For hydroxycinnamates and flavonoids, the proposed metabolic pathways could be further confirmed looking at the incorporation of labeled phenylalanine. Stable isotopic labeling with 13C6‐phenylalanine was applied not only as a mean to measure metabolic fluxes (Antonio et al., 2013; Fernie and Morgan, 2013), but also with the aim of supporting the annotations of metabolites based on the network approach (Giavalisco et al., 2009). Preferential enrichment of the label towards hydroxycinnamates, and a minor incorporation of 13C6‐phenylalanine into flavonoids was shown. This result could be interpreted as a significantly higher flux towards the latter, and could be anticipated considering the relationship between hydroxycinnamates and lignin biosynthesis, one of the largest carbon sinks in most land plants (Wang et al., 2018). The lack of incorporation of the labeled phenylalanine into saponins is probably due to the different biosynthetic origin of these molecules. Triterpene saponins are derived from the mevalonate isoprenoid pathway, and their diversity is achieved through subsequent modifications of aglycone downstream of 2,3‐oxidosqualene cyclization (Seki et al., 2015). Further support to our proposed pathways for saponin biosynthesis in Phaseolus would therefore require the use of a different labeled precursor (e.g., labeled mevalonate; Trojanowska et al., 2001).

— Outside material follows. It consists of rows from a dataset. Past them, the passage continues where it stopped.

lemma powr_le_expectation_powr_bsg_cost:
  fixes s t v c :: real and A :: "bsg_alg pmf"
  assumes "0 \<le> s" "s \<le> t" "0 < t" "0 < v" "v \<le> 1"
    and "measure_pmf.expectation A (\<lambda>D. bsg_cost s t D phi xs) \<le> c"
  shows "v powr (c / t) \<le> measure_pmf.expectation A (\<lambda>D. v powr (bsg_cost s t D phi xs / t))"
proof (rule powr_le_expectation_powr[where X = "\<lambda>D. bsg_cost s t D phi xs / t" and B = "length xs"])
  show "0 \<le> bsg_cost s t D phi xs / t \<and> bsg_cost s t D phi xs / t \<le> length xs" for D
    using online_cost_bounds[OF assms(1,2), of "D phi (length xs)" xs] assms(3)
    by (simp add: bsg_cost_eq_online_cost field_simps)
  show "measure_pmf.expectation A (\<lambda>D. bsg_cost s t D phi xs / t) \<le> c / t"
    using assms(3,6) by (simp add: divide_right_mono)
qed (use assms in auto)

definition advice_tape :: "bool list \<Rightarrow> nat \<Rightarrow> bool" where
  "advice_tape a i \<longleftrightarrow> i < length a \<and> a ! i"

lemma bsg_cost_advice_tape_prefix:
  assumes "reads_at_most b (length xs) D"
  shows "bsg_cost s t D (advice_tape (map phi [0..<b])) xs = bsg_cost s t D phi xs"
proof -
  have "\<forall>i<b. advice_tape (map phi [0..<b]) i = phi i"
    by (simp add: advice_tape_def)
  moreover have "length (take i xs) < length xs" if "i < length xs" for i
    using that by simp
  ultimately have "D (advice_tape (map phi [0..<b])) (length xs) (take i xs) = D phi (length xs) (take i xs)"
    if "i < length xs" for i
    using assms that unfolding reads_at_most_def by blast
  then show ?thesis
    by (simp add: bsg_cost_def)
qed
(* Let $A$ be a non-empty set, $I$ a non-empty index set, $\{V_i\}_{i\in I}\subseteq\mathcal R(A)$, $E$ a fuzzy equivalence on $A$, and $(A/E,I,V_i^{A/E})$ the quotient fuzzy relational system of $(A,I,V_i)$ with respect to $E$. Then the fuzzy relation $E^\natural\in\mathcal R(A,A/E)$ defined by $E^\natural(a_1,E_{a_2})=E(a_1,a_2)$ for all $a_1,a_2\in A$ is a uniform fuzzy relation whose kernel is $E$. Moreover, $E^\natural$ is a solution both to $WL^{2\text{-}1}(A,A/E,I,V_i,V_i^{A/E})$ and to $WL^{2\text{-}2}(A,A/E,I,V_i,V_i^{A/E})$.
   Context: $\mathcal L=(L,\wedge,\vee,\otimes,\to,0,1)$ is a complete residuated lattice; $x\leftrightarrow y=(x\to y)\wedge(y\to x)$. For non-empty sets $X,Y$, $\mathcal R(X,Y)$ is the set of fuzzy relations $X\times Y\to L$, $\mathcal R(X)=\mathcal R(X,X)$, ordered pointwise; $R^{-1}(y,x)=R(x,y)$; $(R\circ S)(x,t)=\bigvee_{y}R(x,y)\otimes S(y,t)$. A fuzzy equivalence $E$ on $A$ is a fuzzy relation that is reflexive ($E(a,a)=1$), symmetric and transitive ($E(a,b)\otimes E(b,c)\le E(a,c)$). For $a\in A$, $E_a$ is the fuzzy subset $x\mapsto E(a,x)$, and $A/E=\{E_a:a\in A\}$. The quotient fuzzy relational system is $(A/E,I,V_i^{A/E})$ with $V_i^{A/E}(E_{a_1},E_{a_2})=(E\circ V_i\circ E)(a_1,a_2)$ (well defined). For $R\in\mathcal R(X,Y)$: kernel $E_X^R(x_1,x_2)=\bigwedge_{y}R(x_1,y)\leftrightarrow R(x_2,y)$, co-kernel $E_Y^R(y_1,y_2)=\bigwedge_xR(x,y_1)\leftrightarrow R(x,y_2)$. $R$ is a uniform fuzzy relation if for every $x$ there is $y$ with $R(x,y)=1$, for every $y$ there is $x$ with $R(x,y)=1$, and $R(x,y_1)\otimes R(x,y_2)\le E_Y^R(y_1,y_2)$ for all $x,y_1,y_2$. Heterogeneous systems (given non-empty sets $P,Q$, $\{V_i\}\subseteq\mathcal R(P)$, $\{W_i\}\subseteq\mathcal R(Q)$, unknown $U\in\mathcal R(P,Q)$, with the bound $U\le Z$ trivial since $Z$ is omitted, i.e. constant $1$): $WL^{2\text{-}1}(P,Q,I,V_i,W_i)$: $U^{-1}\circ V_i\le W_i\circ U^{-1}$ for all $i\in I$; $WL^{2\text{-}2}(P,Q,I,V_i,W_i)$: $V_i\circ U\le U\circ W_i$ for all $i\in I$. *)

theory Defs
  imports Main
begin

text \<open>Complete residuated lattice: the carrier is a type of class complete_lattice
  (with 0 = bot, 1 = top); the multiplication is tensor, the residuum is impl.\<close>
definition complete_residuated_lattice ::
  "('l::complete_lattice \<Rightarrow> 'l \<Rightarrow> 'l) \<Rightarrow> ('l \<Rightarrow> 'l \<Rightarrow> 'l) \<Rightarrow> bool" where
  "complete_residuated_lattice tensor impl \<longleftrightarrow>
     (\<forall>x y z. tensor (tensor x y) z = tensor x (tensor y z)) \<and>
     (\<forall>x y. tensor x y = tensor y x) \<and>
     (\<forall>x. tensor x top = x) \<and>
     (\<forall>x y z. tensor x y \<le> z \<longleftrightarrow> x \<le> impl y z)"

definition biimpl :: "('l::complete_lattice \<Rightarrow> 'l \<Rightarrow> 'l) \<Rightarrow> 'l \<Rightarrow> 'l \<Rightarrow> 'l" where
  "biimpl impl x y = inf (impl x y) (impl y x)"

definition frel_comp ::
  "('l::complete_lattice \<Rightarrow> 'l \<Rightarrow> 'l) \<Rightarrow> 'b set \<Rightarrow> ('a \<Rightarrow> 'b \<Rightarrow> 'l) \<Rightarrow> ('b \<Rightarrow> 'c \<Rightarrow> 'l) \<Rightarrow> 'a \<Rightarrow> 'c \<Rightarrow> 'l" where
  "frel_comp tensor Y R S x t = (SUP y\<in>Y. tensor (R x y) (S y t))"

definition frel_conv :: "('a \<Rightarrow> 'b \<Rightarrow> 'l) \<Rightarrow> 'b \<Rightarrow> 'a \<Rightarrow> 'l" where
  "frel_conv R y x = R x y"

text \<open>Fuzzy equivalence on the whole type 'a (the set A is the type 'a).\<close>
definition fuzzy_equivalence :: "('l::complete_lattice \<Rightarrow> 'l \<Rightarrow> 'l) \<Rightarrow> ('a \<Rightarrow> 'a \<Rightarrow> 'l) \<Rightarrow> bool" where
  "fuzzy_equivalence tensor E \<longleftrightarrow>
     (\<forall>a. E a a = top) \<and> (\<forall>a b. E a b = E b a) \<and>
     (\<forall>a b c. tensor (E a b) (E b c) \<le> E a c)"

definition frel_kernel ::
  "('l::complete_lattice \<Rightarrow> 'l \<Rightarrow> 'l) \<Rightarrow> 'b set \<Rightarrow> ('a \<Rightarrow> 'b \<Rightarrow> 'l) \<Rightarrow> 'a \<Rightarrow> 'a \<Rightarrow> 'l" where
  "frel_kernel impl Y R x1 x2 = (INF y\<in>Y. biimpl impl (R x1 y) (R x2 y))"

definition frel_cokernel ::
  "('l::complete_lattice \<Rightarrow> 'l \<Rightarrow> 'l) \<Rightarrow> 'a set \<Rightarrow> ('a \<Rightarrow> 'b \<Rightarrow> 'l) \<Rightarrow> 'b \<Rightarrow> 'b \<Rightarrow> 'l" where
  "frel_cokernel impl X R y1 y2 = (INF x\<in>X. biimpl impl (R x y1) (R x y2))"

definition uniform_frel ::
  "('l::complete_lattice \<Rightarrow> 'l \<Rightarrow> 'l) \<Rightarrow> ('l \<Rightarrow> 'l \<Rightarrow> 'l) \<Rightarrow> 'a set \<Rightarrow> 'b set \<Rightarrow> ('a \<Rightarrow> 'b \<Rightarrow> 'l) \<Rightarrow> bool" where
  "uniform_frel tensor impl X Y R \<longleftrightarrow>
     (\<forall>x\<in>X. \<exists>y\<in>Y. R x y = top) \<and>
     (\<forall>y\<in>Y. \<exists>x\<in>X. R x y = top) \<and>
     (\<forall>x\<in>X. \<forall>y1\<in>Y. \<forall>y2\<in>Y. tensor (R x y1) (R x y2) \<le> frel_cokernel impl X R y1 y2)"

definition quot_set :: "('a \<Rightarrow> 'a \<Rightarrow> 'l) \<Rightarrow> ('a \<Rightarrow> 'l) set" where
  "quot_set E = range E"

text \<open>Quotient relation V^{A/E}(E_{a1},E_{a2}) = (E o V o E)(a1,a2) (representatives chosen).\<close>
definition quot_rel ::
  "('l::complete_lattice \<Rightarrow> 'l \<Rightarrow> 'l) \<Rightarrow> ('a \<Rightarrow> 'a \<Rightarrow> 'l) \<Rightarrow> ('a \<Rightarrow> 'a \<Rightarrow> 'l) \<Rightarrow> ('a \<Rightarrow> 'l) \<Rightarrow> ('a \<Rightarrow> 'l) \<Rightarrow> 'l" where
  "quot_rel tensor E V C D =
     frel_comp tensor UNIV (frel_comp tensor UNIV E V) E (SOME a. C = E a) (SOME a. D = E a)"

definition nat_frel :: "('a \<Rightarrow> 'a \<Rightarrow> 'l) \<Rightarrow> 'a \<Rightarrow> ('a \<Rightarrow> 'l) \<Rightarrow> 'l" where
  "nat_frel E a C = E a (SOME b. C = E b)"

text \<open>Heterogeneous weakly linear systems (no upper bound Z), unknown U in R(P,Q).\<close>
definition WL21 ::
  "('l::complete_lattice \<Rightarrow> 'l \<Rightarrow> 'l) \<Rightarrow> 'p set \<Rightarrow> 'q set \<Rightarrow> ('i \<Rightarrow> 'p \<Rightarrow> 'p \<Rightarrow> 'l) \<Rightarrow>
   ('i \<Rightarrow> 'q \<Rightarrow> 'q \<Rightarrow> 'l) \<Rightarrow> ('p \<Rightarrow> 'q \<Rightarrow> 'l) \<Rightarrow> bool" where
  "WL21 tensor P Q V W U \<longleftrightarrow>
     (\<forall>i. \<forall>q\<in>Q. \<forall>p\<in>P.
        frel_comp tensor P (frel_conv U) (V i) q p \<le> frel_comp tensor Q (W i) (frel_conv U) q p)"

definition WL22 ::
  "('l::complete_lattice \<Rightarrow> 'l \<Rightarrow> 'l) \<Rightarrow> 'p set \<Rightarrow> 'q set \<Rightarrow> ('i \<Rightarrow> 'p \<Rightarrow> 'p \<Rightarrow> 'l) \<Rightarrow>
   ('i \<Rightarrow> 'q \<Rightarrow> 'q \<Rightarrow> 'l) \<Rightarrow> ('p \<Rightarrow> 'q \<Rightarrow> 'l) \<Rightarrow> bool" where
  "WL22 tensor P Q V W U \<longleftrightarrow>
     (\<forall>i. \<forall>p\<in>P. \<forall>q\<in>Q.
        frel_comp tensor P (V i) U p q \<le> frel_comp tensor Q U (W i) p q)"

end

theory Submission
  imports Defs
begin

text \<open>Writing \<open>E\<^sup>\<natural>\<close> for the natural relation, both \<open>E\<^sup>\<natural>\<inverse> \<circ> V\<close> and \<open>V \<circ> E\<^sup>\<natural>\<close> evaluated on a class
  \<open>E\<^sub>c\<close> reduce to the compositions \<open>E \<circ> V\<close> and \<open>V \<circ> E\<close>; reflexivity of \<open>E\<close> bounds both by
  \<open>E \<circ> V \<circ> E\<close>, which is the quotient relation evaluated at the class of the point itself, where
  \<open>E\<^sup>\<natural>\<close> takes the value \<open>1\<close>. Uniformity and the kernel come from transitivity of \<open>E\<close> in
  residuated form, \<open>E(b\<^sub>1,b\<^sub>2) \<le> E(x,b\<^sub>1) \<leftrightarrow> E(x,b\<^sub>2)\<close>, with equality at \<open>x = b\<^sub>2\<close>.\<close>

locale residuated_tensor =
  fixes tensor :: "'l::complete_lattice \<Rightarrow> 'l \<Rightarrow> 'l" (infixl \<open>\<otimes>\<close> 70)
    and impl :: "'l \<Rightarrow> 'l \<Rightarrow> 'l"
  assumes residuated_lattice: "complete_residuated_lattice tensor impl"
begin

lemma tensor_commute: "x \<otimes> y = y \<otimes> x"
  using residuated_lattice unfolding complete_residuated_lattice_def by blast

lemma tensor_top_right [simp]: "x \<otimes> top = x"
  using residuated_lattice unfolding complete_residuated_lattice_def by blast

lemma tensor_top_left [simp]: "top \<otimes> x = x"
  using tensor_commute tensor_top_right by metis

lemma residuation: "x \<otimes> y \<le> z \<longleftrightarrow> x \<le> impl y z"
  using residuated_lattice unfolding complete_residuated_lattice_def by blast

lemma impl_top_le: "impl top x \<le> x"
  using residuation[of "impl top x" top x] by simp

lemma tensor_mono_left: "x \<le> y \<Longrightarrow> x \<otimes> z \<le> y \<otimes> z"
  using residuation order_trans by blast

lemma frel_comp_mono_left:
  assumes "\<And>x y. R x y \<le> R' x y"
  shows "frel_comp tensor Y R S x t \<le> frel_comp tensor Y R' S x t"
  unfolding frel_comp_def by (rule SUP_mono) (use assms tensor_mono_left in blast)

end

locale fuzzy_quotient = residuated_tensor +
  fixes E :: "'a \<Rightarrow> 'a \<Rightarrow> 'l::complete_lattice"
  assumes fuzzy_equivalence: "fuzzy_equivalence tensor E"
begin

lemma E_refl [simp]: "E a a = top"
  and E_sym: "E a b = E b a"
  and E_trans: "E a b \<otimes> E b c \<le> E a c"
  using fuzzy_equivalence unfolding fuzzy_equivalence_def by blast+

lemma class_some_rep: "E (SOME b'. E b = E b') = E b"
  by (rule someI[of "\<lambda>b'. E b = E b'" b, symmetric]) simp

lemma nat_frel_class: "nat_frel E a (E b) = E a b"
  unfolding nat_frel_def using class_some_rep E_sym by metis

lemma quot_rel_class:
  "quot_rel tensor E V (E b) (E c) = frel_comp tensor UNIV (frel_comp tensor UNIV E V) E b c"
proof -
  have "E z (SOME c'. E c = E c') = E z c" for z
    using class_some_rep E_sym by metis
  then show ?thesis
    unfolding quot_rel_def frel_comp_def class_some_rep by simp
qed

lemma E_le_impl: "E b1 b2 \<le> impl (E x b1) (E x b2)"
proof -
  have "E b1 b2 \<otimes> E x b1 \<le> E x b2"
    using E_trans[of x b1 b2] tensor_commute[of "E x b1"] by simp
  then show ?thesis
    by (simp add: residuation)
qed

lemma E_le_biimpl: "E b1 b2 \<le> biimpl impl (E x b1) (E x b2)"
  unfolding biimpl_def using E_le_impl[of b1 b2 x] E_le_impl[of b2 b1 x] E_sym[of b1 b2] by simp

lemma le_frel_comp_E_left: "R x y \<le> frel_comp tensor UNIV E R x y"
  unfolding frel_comp_def using SUP_upper[of x UNIV "\<lambda>z. E x z \<otimes> R z y"] by simp

lemma le_frel_comp_E_right: "R x y \<le> frel_comp tensor UNIV R E x y"
  unfolding frel_comp_def using SUP_upper[of y UNIV "\<lambda>z. R x z \<otimes> E z y"] by simp

lemma uniform_nat_frel: "uniform_frel tensor impl UNIV (quot_set E) (nat_frel E)"
  unfolding uniform_frel_def quot_set_def
proof (intro conjI ballI)
  fix x
  show "\<exists>y\<in>range E. nat_frel E x y = top"
    by (rule bexI[of _ "E x"]) (simp_all add: nat_frel_class)
next
  fix y assume "y \<in> range E"
  then obtain b where "y = E b" by blast
  then show "\<exists>x\<in>UNIV. nat_frel E x y = top"
    by (intro bexI[of _ b]) (simp_all add: nat_frel_class)
next
  fix x y1 y2 assume "y1 \<in> range E" "y2 \<in> range E"
  then obtain b1 b2 where y: "y1 = E b1" "y2 = E b2" by blast
  have "E x b1 \<otimes> E x b2 \<le> E b1 b2"
    using E_sym[of x b1] E_trans[of b1 x b2] by simp
  also have "\<dots> \<le> frel_cokernel impl UNIV (nat_frel E) y1 y2"
    unfolding frel_cokernel_def y nat_frel_class by (rule INF_greatest) (rule E_le_biimpl)
  finally show "nat_frel E x y1 \<otimes> nat_frel E x y2 \<le> frel_cokernel impl UNIV (nat_frel E) y1 y2"
    unfolding y nat_frel_class .
qed

lemma kernel_nat_frel: "frel_kernel impl (quot_set E) (nat_frel E) a1 a2 = E a1 a2"
proof -
  have "frel_kernel impl (quot_set E) (nat_frel E) a1 a2 = (INF b. biimpl impl (E a1 b) (E a2 b))"
    unfolding frel_kernel_def quot_set_def by (simp add: image_image nat_frel_class)
  also have "\<dots> = E a1 a2"
  proof (rule antisym)
    have "(INF b. biimpl impl (E a1 b) (E a2 b)) \<le> biimpl impl (E a1 a2) (E a2 a2)"
      by (rule INF_lower) simp
    also have "\<dots> \<le> E a1 a2"
      unfolding biimpl_def E_refl by (rule order_trans[OF inf_le2 impl_top_le])
    finally show "(INF b. biimpl impl (E a1 b) (E a2 b)) \<le> E a1 a2" .
    show "E a1 a2 \<le> (INF b. biimpl impl (E a1 b) (E a2 b))"
      using E_le_biimpl[of a1 a2] by (intro INF_greatest) (simp add: E_sym)
  qed
  finally show ?thesis .
qed

lemma WL21_nat_frel: "WL21 tensor UNIV (quot_set E) V (\<lambda>i. quot_rel tensor E (V i)) (nat_frel E)"
  unfolding WL21_def quot_set_def
proof (intro allI ballI)
  fix i q p assume "q \<in> range E"
  then obtain b where q: "q = E b" by blast
  have "frel_comp tensor UNIV (frel_conv (nat_frel E)) (V i) (E b) p
      = frel_comp tensor UNIV E (V i) b p"
    unfolding frel_comp_def frel_conv_def nat_frel_class by (simp add: E_sym)
  also have "\<dots> \<le> frel_comp tensor UNIV (frel_comp tensor UNIV E (V i)) E b p"
    by (rule le_frel_comp_E_right)
  also have "\<dots> = quot_rel tensor E (V i) (E b) (E p) \<otimes> frel_conv (nat_frel E) (E p) p"
    unfolding frel_conv_def nat_frel_class quot_rel_class by simp
  also have "\<dots> \<le> frel_comp tensor (range E) (quot_rel tensor E (V i)) (frel_conv (nat_frel E)) (E b) p"
    unfolding frel_comp_def by (rule SUP_upper) simp
  finally show "frel_comp tensor UNIV (frel_conv (nat_frel E)) (V i) q p
      \<le> frel_comp tensor (range E) (quot_rel tensor E (V i)) (frel_conv (nat_frel E)) q p"
    unfolding q .
qed

lemma WL22_nat_frel: "WL22 tensor UNIV (quot_set E) V (\<lambda>i. quot_rel tensor E (V i)) (nat_frel E)"
  unfolding WL22_def quot_set_def
proof (intro allI ballI)
  fix i p q assume "q \<in> range E"
  then obtain c where q: "q = E c" by blast
  have "frel_comp tensor UNIV (V i) (nat_frel E) p (E c) = frel_comp tensor UNIV (V i) E p c"
    unfolding frel_comp_def nat_frel_class ..
  also have "\<dots> \<le> frel_comp tensor UNIV (frel_comp tensor UNIV E (V i)) E p c"
    by (rule frel_comp_mono_left) (rule le_frel_comp_E_left)
  also have "\<dots> = nat_frel E p (E p) \<otimes> quot_rel tensor E (V i) (E p) (E c)"
    unfolding nat_frel_class quot_rel_class by simp
  also have "\<dots> \<le> frel_comp tensor (range E) (nat_frel E) (quot_rel tensor E (V i)) p (E c)"
    unfolding frel_comp_def[of _ "range E"] by (rule SUP_upper) simp
  finally show "frel_comp tensor UNIV (V i) (nat_frel E) p q
      \<le> frel_comp tensor (range E) (nat_frel E) (quot_rel tensor E (V i)) p q"
    unfolding q .
qed

end

theorem theorem6p1:
  fixes tensor impl :: "'l::complete_lattice \<Rightarrow> 'l \<Rightarrow> 'l"
    and E :: "'a \<Rightarrow> 'a \<Rightarrow> 'l"
    and V :: "'i \<Rightarrow> 'a \<Rightarrow> 'a \<Rightarrow> 'l"
  assumes "complete_residuated_lattice tensor impl"
    and "fuzzy_equivalence tensor E"
  shows "uniform_frel tensor impl UNIV (quot_set E) (nat_frel E)
    \<and> (\<forall>a1 a2. frel_kernel impl (quot_set E) (nat_frel E) a1 a2 = E a1 a2)
    \<and> WL21 tensor UNIV (quot_set E) V (\<lambda>i. quot_rel tensor E (V i)) (nat_frel E)
    \<and> WL22 tensor UNIV (quot_set E) V (\<lambda>i. quot_rel tensor E (V i)) (nat_frel E)"
proof -
  interpret fuzzy_quotient tensor impl E
    using assms by unfold_locales
  show ?thesis
    using uniform_nat_frel kernel_nat_frel WL21_nat_frel WL22_nat_frel by blast
qed

end
(* Let $X$ be a real Hilbert space, let $D$ be a nonempty subset of $X$, let $T\colon D\to X$, let $\alpha\in\,]0,+\infty[$, set $A=T^{-1}-\mathrm{Id}$ (so $T=J_A$) and $\rho=\tfrac{1}{2\alpha}-1>-1$. Then: (i) $T$ is $\alpha$-conically nonexpansive $\iff$ $A$ is $\rho$-comonotone. (ii) [$T$ is $\alpha$-conically nonexpansive and $D=X$] $\iff$ $A$ is maximally $\rho$-comonotone. (iii) $T$ is nonexpansive $\iff$ $A$ is $(-\tfrac12)$-comonotone. (iv) [$T$ is nonexpansive and $D=X$] $\iff$ $A$ is maximally $(-\tfrac12)$-comonotone. If moreover $\alpha\in\,]0,1[$, equivalently $\rho>-\tfrac12$, then also: (v) $T$ is $\alpha$-averaged $\iff$ $A$ is $\rho$-comonotone. (vi) [$T$ is $\alpha$-averaged and $D=X$] $\iff$ $A$ is maximally $\rho$-comonotone.
   Context: For $T\colon D\to X$, $T^{-1}$ is the set-valued inverse and $J_A=(\mathrm{Id}+A)^{-1}$. A map $N\colon D\to X$ is nonexpansive if $\|Nx-Ny\|\le\|x-y\|$ for all $x,y\in D$. For $\alpha>0$, $T$ is $\alpha$-conically nonexpansive if $T=(1-\alpha)\mathrm{Id}+\alpha N$ for some nonexpansive $N\colon D\to X$; for $\alpha\in]0,1[$, $\alpha$-averaged means the same. For $\rho\in\mathbb R$, $A\colon X\rightrightarrows X$ is $\rho$-comonotone if $\langle x-y,u-v\rangle\ge\rho\|u-v\|^2$ for all $(x,u),(y,v)\in\operatorname{gra}A$; maximally $\rho$-comonotone if moreover no $\rho$-comonotone operator has a graph properly containing $\operatorname{gra}A$. *)

theory Defs
  imports "HOL-Analysis.Analysis"
begin

text \<open>Set-valued operators X \<rightrightarrows> X are modelled as functions 'a \<Rightarrow> 'a set;
  single-valued maps T : D \<rightarrow> X as functions 'a \<Rightarrow> 'a together with the domain D.\<close>

definition gra :: "('a \<Rightarrow> 'a set) \<Rightarrow> ('a \<times> 'a) set" where
  "gra A = {(x, u). u \<in> A x}"

definition inv_op :: "'a set \<Rightarrow> ('a \<Rightarrow> 'a) \<Rightarrow> ('a \<Rightarrow> 'a set)" where
  "inv_op D T = (\<lambda>y. {x \<in> D. T x = y})"

definition minus_Id :: "('a::ab_group_add \<Rightarrow> 'a set) \<Rightarrow> ('a \<Rightarrow> 'a set)" where
  "minus_Id B = (\<lambda>y. {x - y | x. x \<in> B y})"

definition nonexpansive_on :: "'a set \<Rightarrow> ('a::real_normed_vector \<Rightarrow> 'a) \<Rightarrow> bool" where
  "nonexpansive_on D N \<longleftrightarrow> (\<forall>x\<in>D. \<forall>y\<in>D. norm (N x - N y) \<le> norm (x - y))"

Our study showed that hydroxycinnamates, flavonoids and triterpene saponins have highly distinct accumulation profiles across the four sampled tissues. A wide variation in these three classes was also observed across the accessions. Although two of the accessions analyzed here (MD and MW) were selected to maximize genetic diversity (from a larger panel described in Bellucci et al., 2014), we anticipate that a much wider metabolic diversity in specialized metabolites would emerge from profiling larger collections of accessions (ongoing in the Bean Adapt project; http://www.beanadapt.org/site/). In a recent study, the profiles of over 300 mass signals from trifoliate leaves of 29 accessions of P. vulgaris (a set including domesticated and wild accessions from the Mesoamerican, Andean and Inca gene pool) efficiently discriminated different Phaseolus gene pools and clustered the wild forms away from the domesticated accessions. The metabolic data were highly consistent with the genomic differentiation of the accessions. In particular, the combination of the metabolic profiles with the genetic data showed that the production of flavonoids (kaempferol and luteolin) was associated with the intraspecific differentiation and to the species radiation across the whole geographical distribution of Phaseolus (Rendón‐Anaya et al., 2017). Diversity of flavonoids in P. vulgaris could have a functional significance and possibly also reflects the role that these metabolites have in the interaction with rhizobia and establishment of nodulation (Ng et al., 2015).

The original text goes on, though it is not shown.